- _Your task_
Give back exactly the lines that start at the one containing "by (auto simp: bounded_iff)" and run to the end of the material below, both ends included.

- _Data extracts_

lemma ip01_eigen_candidate:
  "ip01 (eigen_candidate v lam C1 C2) v = C1 * cnj (vtilde v lam) - \<i> * C2 * vhat v lam"
proof -
  have cnj_v: "L2_01 (\<lambda>x. cnj (v x))"
    by (rule L2_01_cnj[OF v])
  have wave_int: "set_integrable lborel {0..1} (\<lambda>x. wave lam x * cnj (v x))"
    by (rule L2_01_set_integrable_bounded_mult[OF cnj_v, of _ _ 1]) (auto simp: set_borel_measurable_def)
  obtain B where B: "\<forall>x\<in>{0..1}. norm (duhamel v lam x) \<le> B"
    using compact_imp_bounded[OF compact_continuous_image[OF continuous_on_duhamel[OF v] compact_Icc]]
    by (auto simp: bounded_iff)
  have duhamel_int: "set_integrable lborel {0..1} (\<lambda>x. duhamel v lam x * cnj (v x))"
    by (rule L2_01_set_integrable_bounded_mult[OF cnj_v, of _ _ B])
       (use B in \<open>auto simp: set_borel_measurable_def
          intro!: borel_measurable_continuous_on_indicator continuous_on_duhamel[OF v]\<close>)
  have "ip01 (eigen_candidate v lam C1 C2) v
      = (LINT x:{0..1}|lborel. C1 * (wave lam x * cnj (v x)) + (- \<i> * C2) * (duhamel v lam x * cnj (v x)))"
    unfolding ip01_def by (rule set_lebesgue_integral_cong) (auto simp: eigen_candidate_def algebra_simps)
  also have "\<dots> = C1 * (LINT x:{0..1}|lborel. wave lam x * cnj (v x))
      + (- \<i> * C2) * (LINT x:{0..1}|lborel. duhamel v lam x * cnj (v x))"
    by (simp only: set_integral_add(2)[OF set_integrable_mult_right[OF wave_int]
          set_integrable_mult_right[OF duhamel_int]] set_integral_mult_right)
  also have "(LINT x:{0..1}|lborel. wave lam x * cnj (v x)) = cnj (vtilde v lam)"
    unfolding vtilde_def set_lebesgue_integral_cnj
    by (rule set_lebesgue_integral_cong) (auto simp: wave_def exp_cnj)
  finally show ?thesis
    by (simp add: vhat_eq_duhamel)
qed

- _Reply_
    by (auto simp: bounded_iff)
  have duhamel_int: "set_integrable lborel {0..1} (\<lambda>x. duhamel v lam x * cnj (v x))"
    by (rule L2_01_set_integrable_bounded_mult[OF cnj_v, of _ _ B])
       (use B in \<open>auto simp: set_borel_measurable_def
          intro!: borel_measurable_continuous_on_indicator continuous_on_duhamel[OF v]\<close>)
  have "ip01 (eigen_candidate v lam C1 C2) v
      = (LINT x:{0..1}|lborel. C1 * (wave lam x * cnj (v x)) + (- \<i> * C2) * (duhamel v lam x * cnj (v x)))"
    unfolding ip01_def by (rule set_lebesgue_integral_cong) (auto simp: eigen_candidate_def algebra_simps)
  also have "\<dots> = C1 * (LINT x:{0..1}|lborel. wave lam x * cnj (v x))
      + (- \<i> * C2) * (LINT x:{0..1}|lborel. duhamel v lam x * cnj (v x))"
    by (simp only: set_integral_add(2)[OF set_integrable_mult_right[OF wave_int]
          set_integrable_mult_right[OF duhamel_int]] set_integral_mult_right)
  also have "(LINT x:{0..1}|lborel. wave lam x * cnj (v x)) = cnj (vtilde v lam)"
    unfolding vtilde_def set_lebesgue_integral_cnj
    by (rule set_lebesgue_integral_cong) (auto simp: wave_def exp_cnj)
  finally show ?thesis
    by (simp add: vhat_eq_duhamel)
qed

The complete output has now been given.